* The task *
Send back all of the data, word for word.

* Records supplied *

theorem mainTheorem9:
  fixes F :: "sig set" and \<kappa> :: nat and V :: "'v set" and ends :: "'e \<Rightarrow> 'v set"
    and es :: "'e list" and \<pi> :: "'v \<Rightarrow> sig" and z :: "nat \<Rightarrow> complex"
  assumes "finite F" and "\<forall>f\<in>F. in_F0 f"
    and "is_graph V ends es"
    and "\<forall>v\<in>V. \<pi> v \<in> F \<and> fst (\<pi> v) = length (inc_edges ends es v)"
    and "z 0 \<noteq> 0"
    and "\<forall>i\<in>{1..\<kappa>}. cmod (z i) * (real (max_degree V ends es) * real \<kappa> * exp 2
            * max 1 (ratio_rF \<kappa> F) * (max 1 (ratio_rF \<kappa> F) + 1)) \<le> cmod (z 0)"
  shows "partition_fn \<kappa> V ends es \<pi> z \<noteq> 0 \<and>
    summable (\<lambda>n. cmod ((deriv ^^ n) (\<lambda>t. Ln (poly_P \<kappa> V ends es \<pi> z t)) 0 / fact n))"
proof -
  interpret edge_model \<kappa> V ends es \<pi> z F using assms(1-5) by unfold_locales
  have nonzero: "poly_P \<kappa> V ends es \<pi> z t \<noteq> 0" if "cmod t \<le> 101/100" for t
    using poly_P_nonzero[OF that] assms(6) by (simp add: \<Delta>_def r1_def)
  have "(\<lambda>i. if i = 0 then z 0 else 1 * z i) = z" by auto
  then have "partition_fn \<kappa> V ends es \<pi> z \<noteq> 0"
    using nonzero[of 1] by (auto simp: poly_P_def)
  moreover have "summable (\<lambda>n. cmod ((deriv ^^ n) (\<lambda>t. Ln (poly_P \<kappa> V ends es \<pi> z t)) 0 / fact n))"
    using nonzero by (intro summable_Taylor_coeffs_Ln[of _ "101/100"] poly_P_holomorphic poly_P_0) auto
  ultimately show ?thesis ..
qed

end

* Result of the exercise *
theorem mainTheorem9:
  fixes F :: "sig set" and \<kappa> :: nat and V :: "'v set" and ends :: "'e \<Rightarrow> 'v set"
    and es :: "'e list" and \<pi> :: "'v \<Rightarrow> sig" and z :: "nat \<Rightarrow> complex"
  assumes "finite F" and "\<forall>f\<in>F. in_F0 f"
    and "is_graph V ends es"
    and "\<forall>v\<in>V. \<pi> v \<in> F \<and> fst (\<pi> v) = length (inc_edges ends es v)"
    and "z 0 \<noteq> 0"
    and "\<forall>i\<in>{1..\<kappa>}. cmod (z i) * (real (max_degree V ends es) * real \<kappa> * exp 2
            * max 1 (ratio_rF \<kappa> F) * (max 1 (ratio_rF \<kappa> F) + 1)) \<le> cmod (z 0)"
  shows "partition_fn \<kappa> V ends es \<pi> z \<noteq> 0 \<and>
    summable (\<lambda>n. cmod ((deriv ^^ n) (\<lambda>t. Ln (poly_P \<kappa> V ends es \<pi> z t)) 0 / fact n))"
proof -
  interpret edge_model \<kappa> V ends es \<pi> z F using assms(1-5) by unfold_locales
  have nonzero: "poly_P \<kappa> V ends es \<pi> z t \<noteq> 0" if "cmod t \<le> 101/100" for t
    using poly_P_nonzero[OF that] assms(6) by (simp add: \<Delta>_def r1_def)
  have "(\<lambda>i. if i = 0 then z 0 else 1 * z i) = z" by auto
  then have "partition_fn \<kappa> V ends es \<pi> z \<noteq> 0"
    using nonzero[of 1] by (auto simp: poly_P_def)
  moreover have "summable (\<lambda>n. cmod ((deriv ^^ n) (\<lambda>t. Ln (poly_P \<kappa> V ends es \<pi> z t)) 0 / fact n))"
    using nonzero by (intro summable_Taylor_coeffs_Ln[of _ "101/100"] poly_P_holomorphic poly_P_0) auto
  ultimately show ?thesis ..
qed

end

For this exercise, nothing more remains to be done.